_Activity:_ Your answer should be one number, the count of lines in the entries holding the word "union".

--- Record set Enclosed Below ---

lemma base_has_dual_lnr_hypergraph:
  assumes "is_base n r B"
  obtains H where "lnr_hypergraph (card B) n r H" and "dual_base n H B"
proof -
  have blocks: "\<forall>b\<in>B. b \<subseteq> {1..n} \<and> card b \<le> r"
    and separating: "\<forall>i\<in>{1..n}. \<forall>j\<in>{1..n}. (\<forall>b\<in>B. i \<in> b \<longleftrightarrow> j \<in> b) \<longrightarrow> i = j"
    using assms unfolding is_base_iff_separating by blast+
  have "B \<subseteq> Pow {1..n}" using blocks by blast
  then have "finite B" by (simp add: finite_subset)
  then obtain \<psi> where \<psi>: "bij_betw \<psi> {0..<card B} B"
    using ex_bij_betw_nat_finite by blast
  define V where "V = {0..<card B}"
  define col where "col i = {v \<in> V. i \<in> \<psi> v}" for i
  define E where "E = col ` {1..n}"
  have block_\<psi>: "\<psi> v \<subseteq> {1..n}" "card (\<psi> v) \<le> r" if "v \<in> V" for v
    using bij_betwE[OF \<psi>] blocks that unfolding V_def by auto
  have inj_col: "inj_on col {1..n}"
  proof (rule inj_onI)
    fix i j assume "i \<in> {1..n}" "j \<in> {1..n}" and "col i = col j"
    then have "\<forall>v\<in>V. i \<in> \<psi> v \<longleftrightarrow> j \<in> \<psi> v" unfolding col_def set_eq_iff by blast
    moreover have "B = \<psi> ` V" using \<psi> unfolding V_def bij_betw_def by simp
    ultimately have "\<forall>b\<in>B. i \<in> b \<longleftrightarrow> j \<in> b" by simp
    then show "i = j" using separating \<open>i \<in> {1..n}\<close> \<open>j \<in> {1..n}\<close> by blast
  qed
  then have col: "bij_betw col {1..n} E" unfolding E_def by (rule inj_on_imp_bij_betw)
  have nbhd: "nbhd E v = col ` \<psi> v" if "v \<in> V" for v
    using block_\<psi>[OF that] that unfolding nbhd_def E_def col_def by auto
  have "inj_on (nbhd E) V"
  proof (rule inj_onI)
    fix v w assume "v \<in> V" "w \<in> V" "nbhd E v = nbhd E w"
    then have "col ` \<psi> v = col ` \<psi> w" using nbhd by simp
    then have "\<psi> v = \<psi> w"
      using inj_on_image_eq_iff[OF inj_col block_\<psi>(1)[OF \<open>v \<in> V\<close>] block_\<psi>(1)[OF \<open>w \<in> V\<close>]] by simp
    then show "v = w"
      using bij_betw_imp_inj_on[OF \<psi>] \<open>v \<in> V\<close> \<open>w \<in> V\<close> unfolding V_def by (simp add: inj_on_eq_iff)
  qed
  moreover have "card (nbhd E v) \<le> r" if "v \<in> V" for v
    using nbhd[OF that] card_image[OF inj_on_subset[OF inj_col block_\<psi>(1)[OF that]]] block_\<psi>[OF that]
    by simp
  moreover have "is_hypergraph (V, E)"
    unfolding is_hypergraph_def V_def E_def col_def by auto
  moreover have "card V = card B" "card E = n"
    using bij_betw_same_card[OF col] by (simp_all add: V_def)
  ultimately have "lnr_hypergraph (card B) n r (V, E)"
    unfolding lnr_hypergraph_def irrepeating_def by simp
  moreover have "dual_base n (V, E) B"
  proof -
    define \<phi> where "\<phi> = inv_into {1..n} col"
    have "bij_betw \<phi> E {1..n}" unfolding \<phi>_def using col by (rule bij_betw_inv_into)
    moreover have "\<forall>v\<in>V. \<forall>e\<in>E. v \<in> e \<longleftrightarrow> \<phi> e \<in> \<psi> v"
    proof (intro ballI)
      fix v e assume "v \<in> V" "e \<in> E"
      then obtain i where "i \<in> {1..n}" and e: "e = col i" unfolding E_def by blast
      then have "\<phi> e = i" unfolding \<phi>_def using inv_into_f_f[OF inj_col] by simp
      then show "v \<in> e \<longleftrightarrow> \<phi> e \<in> \<psi> v" using \<open>v \<in> V\<close> unfolding e col_def by simp
    qed
    ultimately show ?thesis
      unfolding dual_base_def incidence_iso_def using \<psi> unfolding V_def by auto
  qed
  ultimately show thesis using that by blast
qed
lemma continuous_constant_if_fiber_dense:
  fixes f :: "'a::topological_space \<Rightarrow> 'b::t2_space"
  assumes "continuous_on UNIV f" and "\<And>V. open V \<Longrightarrow> V \<noteq> {} \<Longrightarrow> \<exists>x\<in>V. f x = c"
  shows "f x = c"
proof (rule ccontr)
  assume "f x \<noteq> c"
  have "open (f -` (- {c}))"
    using assms(1) continuous_on_open_vimage[of UNIV f] by (simp add: open_Compl)
  then show False
    using assms(2) \<open>f x \<noteq> c\<close> by blast
qed

lemma pos_homogeneous_eq_0_if_clarke_subdiff_0:
  fixes F :: "real^'n \<Rightarrow> real"
  assumes hom: "pos_homogeneous F" and clarke: "clarke_subdiff F 0 = {0}"
    and "continuous_on UNIV F"
    and dense: "\<And>V. open V \<Longrightarrow> V \<noteq> {} \<Longrightarrow> \<exists>x\<in>V. \<exists>a. (F has_derivative (\<lambda>h. a \<bullet> h)) (at x)"
  shows "F x = 0"
proof (rule continuous_constant_if_fiber_dense[of F])
  show "continuous_on UNIV F"
    by fact
  have vanish: "F x = 0" if deriv: "(F has_derivative (\<lambda>h. a \<bullet> h)) (at x)" for x a
  proof -
    have "a = 0"
      using pos_homogeneous_gradient_in_clarke_subdiff_0[OF hom deriv] clarke by simp
    then show ?thesis
      using pos_homogeneous_euler[OF hom deriv] by simp
  qed
  show "\<exists>x\<in>V. F x = 0" if "open V" "V \<noteq> {}" for V
    using dense[OF that] vanish by blast
qed

definition affine_on :: "'a::real_inner set \<Rightarrow> ('a \<Rightarrow> real) \<Rightarrow> bool" where
  "affine_on W f \<longleftrightarrow> (\<exists>c a. \<forall>y\<in>W. f y = c + a \<bullet> y)"

lemma affine_on_subset: "affine_on W f \<Longrightarrow> V \<subseteq> W \<Longrightarrow> affine_on V f"
  unfolding affine_on_def by blast

lemma affine_on_linear_combination:
  assumes "finite S" and "\<forall>j\<in>S. affine_on W (f j)"
  shows "affine_on W (\<lambda>y. \<Sum>j\<in>S. m j * f j y)"
  using assms
proof (induction S rule: finite_induct)
  case empty
  show ?case
    unfolding affine_on_def by (intro exI[of _ 0]) simp
next
  case (insert i S)
  obtain c a where ca: "\<forall>y\<in>W. (\<Sum>j\<in>S. m j * f j y) = c + a \<bullet> y"
    using insert unfolding affine_on_def by auto
  obtain c' a' where ca': "\<forall>y\<in>W. f i y = c' + a' \<bullet> y"
    using insert unfolding affine_on_def by auto
  have "\<forall>y\<in>W. (\<Sum>j\<in>insert i S. m j * f j y) = (m i * c' + c) + (m i *\<^sub>R a' + a) \<bullet> y"
    using ca ca' insert(1,2) by (simp add: inner_add_left algebra_simps)
  then show ?case
    unfolding affine_on_def by blast
qed

lemma affine_on_has_derivative:
  assumes "affine_on W f" and "open W" and "x \<in> W"
  shows "\<exists>a. (f has_derivative (\<lambda>h. a \<bullet> h)) (at x)"
proof -
  obtain c a where ca: "\<forall>y\<in>W. f y = c + a \<bullet> y"
    using assms(1) unfolding affine_on_def by blast
  have "((\<lambda>y. c + a \<bullet> y) has_derivative (\<lambda>h. a \<bullet> h)) (at x)"
    by (auto intro!: derivative_eq_intros)
  then have "(f has_derivative (\<lambda>h. a \<bullet> h)) (at x)"
    by (rule has_derivative_transform_within_open[OF _ assms(2,3)]) (simp add: ca)
  then show ?thesis ..
qed

lemma affine_on_relu_refine:
  assumes "affine_on W f" and "continuous_on W f" and "open W" and "W \<noteq> {}"
  obtains W' where "W' \<subseteq> W" "open W'" "W' \<noteq> {}" "affine_on W' (\<lambda>y. max 0 (f y))"
proof (cases "\<exists>y\<in>W. f y > 0")
  case True
  let ?W' = "W \<inter> f -` {0<..}"
  have "open ?W'"
    using assms(2,3) by (rule continuous_open_preimage) simp
  moreover have "affine_on ?W' (\<lambda>y. max 0 (f y))"
    using affine_on_subset[OF assms(1)] unfolding affine_on_def by force
  ultimately show ?thesis
    using True that by blast
next
  case False
  then have "affine_on W (\<lambda>y. max 0 (f y))"
    unfolding affine_on_def by (intro exI[of _ 0]) (auto simp: max_def)
  then show ?thesis
    using assms(3,4) that by blast
qed
theorem corollary3p3:
  fixes R :: "real poly" and \<delta> :: real and Q :: "real poly" and n :: nat
  assumes hQ: "Q = R \<circ>\<^sub>p ([:- \<delta>, 1:] ^ 2)"
    and hn: "n = degree Q"
  shows "(n \<ge> 6 \<and> Ch 2 Q = 0 \<and> Ch 3 Q = 0 \<and> \<delta> \<noteq> 0
            \<longrightarrow> \<not> algebraic_int (complex_of_real (4 * \<delta>)))
       \<and> (n \<ge> 9 \<and> Ch 2 Q = 0 \<and> Ch 4 Q = 0 \<and> Ch 5 Q = 0 \<and> \<delta> \<noteq> 0
            \<longrightarrow> \<not> algebraic_int (complex_of_real (4 * \<delta>)))"
proof -
  have odd_vanish: "coeff (Q \<circ>\<^sub>p [:\<delta>, 1:]) j = 0" if "odd j" for j
    unfolding hQ using that by (rule shifted_square_comp_odd_coeff)
  have "even n"
    by (simp add: hn hQ degree_pcompose degree_linear_power)
  define m where "m = n - 6"
  have top_index: "degree Q = m + 6" "even m" if "6 \<le> n"
    using that \<open>even n\<close> by (simp_all add: m_def hn)
  have Ch: "Ch k Q = cheb_coeffs Q (m + (6 - k))" if "6 \<le> n" "k \<le> 6" for k
    using that by (simp add: Ch_def hn m_def)
  show ?thesis
    unfolding algebraic_int_of_real_iff
  proof (intro conjI impI; elim conjE)
    assume "6 \<le> n" "Ch 2 Q = 0" "Ch 3 Q = 0" "\<delta> \<noteq> 0"
    then show "\<not> algebraic_int (4 * \<delta>)"
      using not_algebraic_int_part_1[OF top_index odd_vanish] Ch[of 2] Ch[of 3] by simp
  next
    assume "9 \<le> n" "Ch 2 Q = 0" "Ch 4 Q = 0" "Ch 5 Q = 0" "\<delta> \<noteq> 0"
    moreover have "3 \<le> m" using \<open>9 \<le> n\<close> by (simp add: m_def)
    ultimately show "\<not> algebraic_int (4 * \<delta>)"
      using not_algebraic_int_part_2[OF top_index odd_vanish] Ch[of 2] Ch[of 4] Ch[of 5] by simp
  qed
qed

end
definition solves_metric_estimation ::
  "nat \<Rightarrow> real \<Rightarrow> nat \<Rightarrow> nat \<Rightarrow> complex mat \<Rightarrow> complex mat list \<Rightarrow> (nat \<Rightarrow> nat \<Rightarrow> nat \<Rightarrow> real) \<Rightarrow> bool" where
  "solves_metric_estimation n \<alpha> M m U0 Us out \<longleftrightarrow>
     0 < m \<and> unitary_of_dim (qdim n M m) U0 \<and> (\<forall>U\<in>set Us. unitary_of_dim (qdim n M m) U) \<and>
     (\<forall>d. is_nat_metric n M d \<longrightarrow> success_prob n M m \<alpha> U0 Us out d \<ge> 2/3)"

end

theory Submission
  imports Defs "HOL-Number_Theory.Cong" "HOL-Analysis.Convex"
begin

text \<open>Split the points into the halves L = {..<n div 2} and R = {n div 2..<n}. For a set Y of
  cross pairs (l, r) \<in> L \<times> R let d_Y have distance 3 on Y, 1 on the other cross pairs and 2 inside
  a half. Since \<alpha> < 3, a correct estimate for d_Y determines Y, so the outcomes that are correct
  for the 2^N instances d_Y (N = |L| |R| \<ge> (n^2 - 1) / 4) form disjoint sets.

  An oracle entry reads a single distance, which is affine in the indicators [e \<in> Y]; hence after
  T queries every amplitude is a multilinear polynomial of degree at most T in them (the polynomial
  method), and all final states lie in a space of dimension D \<le> sum_{j \<le> T} (N choose j). The
  outcome probabilities of unit vectors of a D-dimensional space are bounded by the diagonal of the
  orthogonal projection, which has total mass D. So 2/3 * 2^N \<le> D \<le> 4^T (5/4)^N, i.e. N \<le> 3 T.\<close>

section \<open>The computational basis and the oracle\<close>

lemma mixed_radix_less:
  fixes x y p q :: nat
  assumes "x < p" "y < q"
  shows "x * q + y < p * q"
proof -
  have "x * q + y < (x + 1) * q" using assms(2) by simp
  also have "\<dots> \<le> p * q" using assms(1) by (intro mult_right_mono) auto
  finally show ?thesis .
qed

lemma mixed_radix_inject:
  fixes x y x' y' q :: nat
  assumes "y < q" "y' < q" "x * q + y = x' * q + y'"
  shows "x = x' \<and> y = y'"
proof -
  have "(x * q + y) div q = (x' * q + y') div q" "(x * q + y) mod q = (x' * q + y') mod q"
    using assms(3) by simp_all
  then show ?thesis using assms(1,2) by simp
qed

lemma mixed_radix_cases:
  fixes c p q :: nat
  assumes "c < p * q"
  obtains x y where "x < p" "y < q" "c = x * q + y"
proof
  show "c div q < p" using assms by (simp add: less_mult_imp_div_less)
  show "c mod q < q" using assms by (metis mod_less_divisor mult_zero_right not_less_zero zero_less_iff_neq_zero)
qed simp

lemma qidx_less_qdim:
  assumes "i < n" "j < n" "a < M" "w < m"
  shows "qidx n M m i j a w < qdim n M m"
  unfolding qidx_def qdim_def using assms by (intro mixed_radix_less) auto

lemma qidx_inject:
  assumes "j < n" "a < M" "w < m" "j' < n" "a' < M" "w' < m"
    and "qidx n M m i j a w = qidx n M m i' j' a' w'"
  shows "i = i' \<and> j = j' \<and> a = a' \<and> w = w'"
  using assms unfolding qidx_def by (metis mixed_radix_inject)

lemma qdim_cases:
  assumes "c < qdim n M m"
  obtains i j a w where "i < n" "j < n" "a < M" "w < m" "c = qidx n M m i j a w"
proof -
  from assms obtain c1 w where c1: "c1 < n * n * M" and "w < m" "c = c1 * m + w"
    unfolding qdim_def by (auto elim: mixed_radix_cases)
  moreover from c1 obtain c2 a where c2: "c2 < n * n" and "a < M" "c1 = c2 * M + a"
    by (auto elim: mixed_radix_cases)
  moreover from c2 obtain i j where "i < n" "j < n" "c2 = i * n + j"
    by (auto elim: mixed_radix_cases)
  ultimately show ?thesis using that unfolding qidx_def by blast
qed
text \<open>Pick \<open>y \<in> C'\<close> of odd weight, so \<open>\<langle>y, y\<rangle> = 1\<close>. Then \<open>C = C' \<inter> \<langle>y\<rangle>\<^sup>\<perp>\<close> is a
  hyperplane of \<open>C'\<close> not containing \<open>y\<close>: \<open>C'\<close> is the disjoint union of \<open>C\<close> and \<open>y + C\<close>,
  so \<open>dim C = k - 1\<close>. A vector of \<open>C\<close> orthogonal to \<open>C\<close> is also orthogonal to \<open>y\<close>, hence
  to all of \<open>C'\<close>, so the LCD property passes from \<open>C'\<close> to \<open>C\<close>, and \<open>C \<subseteq> C'\<close> gives
  \<open>d(C) \<ge> d(C')\<close>. For any generator matrix \<open>G\<close> of \<open>C\<close>, the rows \<open>y, G\<close> generate \<open>C'\<close>
  itself, so the required equivalence is the identity permutation.\<close>

lemma odd_card_sym_diff:
  assumes "finite A" "finite B"
  shows "odd (card (sym_diff A B)) \<longleftrightarrow> odd (card A) \<noteq> odd (card B)"
proof -
  have "card (sym_diff A B) = card (A - B) + card (B - A)"
    using assms by (subst card_Un_disjoint) auto
  moreover have "card (A - B) = card A - card (A \<inter> B)" "card (B - A) = card B - card (A \<inter> B)"
    using assms by (simp_all add: card_Diff_subset_Int Int_commute)
  moreover have "card (A \<inter> B) \<le> card A" "card (A \<inter> B) \<le> card B"
    using assms by (auto intro: card_mono)
  ultimately show ?thesis by presburger
qed

lemma vadd_vadd_cancel: "vadd x (vadd x y) = y"
  unfolding vadd_def by auto

lemma vadd_self: "vadd x x = zero_vec"
  unfolding vadd_def zero_vec_def by auto

lemma inj_vadd: "inj (vadd x)"
  by (metis injI vadd_vadd_cancel)

lemma card_Un_vadd_image:
  assumes "finite A" "A \<inter> vadd x ` A = {}"
  shows "card (A \<union> vadd x ` A) = 2 * card A"
  using assms card_image[OF inj_on_subset[OF inj_vadd]] by (simp add: card_Un_disjoint)

lemma ip_vadd_left: "ip n (vadd a b) y \<longleftrightarrow> ip n a y \<noteq> ip n b y"
proof -
  let ?A = "{i. i < n \<and> a i \<and> y i}" and ?B = "{i. i < n \<and> b i \<and> y i}"
  have "{i. i < n \<and> vadd a b i \<and> y i} = sym_diff ?A ?B"
    by (auto simp: vadd_def)
  then show ?thesis
    unfolding ip_def using odd_card_sym_diff[of ?A ?B] by simp
qed

lemma ip_commute: "ip n a b = ip n b a"
  unfolding ip_def by (simp add: conj_commute conj_left_commute)

lemma ip_vadd_right: "ip n y (vadd a b) \<longleftrightarrow> ip n y a \<noteq> ip n y b"
  using ip_vadd_left ip_commute by metis

lemma ip_zero_left: "\<not> ip n zero_vec y"
  unfolding ip_def zero_vec_def by simp

lemma ip_zero_right: "\<not> ip n y zero_vec"
  using ip_zero_left ip_commute by metis

lemma ip_self: "ip n y y \<longleftrightarrow> odd (wt n y)"
  unfolding ip_def wt_def by simp

lemma finite_vecs: "finite (vecs n)"
  by (rule finite_subset[OF _ finite_set_of_finite_funs[of "{..<n}" UNIV False]])
    (auto simp: vecs_def)

lemma bin_code_finite: "bin_code n C \<Longrightarrow> finite C"
  unfolding bin_code_def using finite_vecs finite_subset by blast

lemma bin_code_Int: "bin_code n A \<Longrightarrow> bin_code n B \<Longrightarrow> bin_code n (A \<inter> B)"
  unfolding bin_code_def by blast

lemma bin_code_dual: "bin_code n (dual n C)"
proof -
  have "zero_vec \<in> vecs n" unfolding vecs_def zero_vec_def by simp
  moreover have "vadd a b \<in> vecs n" if "a \<in> vecs n" "b \<in> vecs n" for a b
    using that unfolding vecs_def vadd_def by simp
  ultimately show ?thesis
    unfolding bin_code_def dual_def by (auto simp: ip_zero_right ip_vadd_right)
qed

lemma min_dist_antimono:
  assumes "C \<subseteq> C'" "c \<in> C" "c \<noteq> zero_vec"
  shows "min_dist n C' \<le> min_dist n C"
  unfolding min_dist_def
proof (rule Min_antimono)
  show "{wt n x |x. x \<in> C \<and> x \<noteq> zero_vec} \<subseteq> {wt n x |x. x \<in> C' \<and> x \<noteq> zero_vec}"
    using assms(1) by blast
  show "{wt n x |x. x \<in> C \<and> x \<noteq> zero_vec} \<noteq> {}"
    using assms(2,3) by blast
  have "wt n x \<le> n" for x
    unfolding wt_def using card_mono[of "{..<n}" "{i. i < n \<and> x i}"] by auto
  then show "finite {wt n x |x. x \<in> C' \<and> x \<noteq> zero_vec}"
    by (auto intro: finite_subset[of _ "{..n}"])
qed

lemma code_equiv_refl: "code_equiv n C C"
  unfolding code_equiv_def by (intro exI[of _ id]) (simp add: permutes_id)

--- End of Enclosed Record set ---

_Result for this exercise:_ 2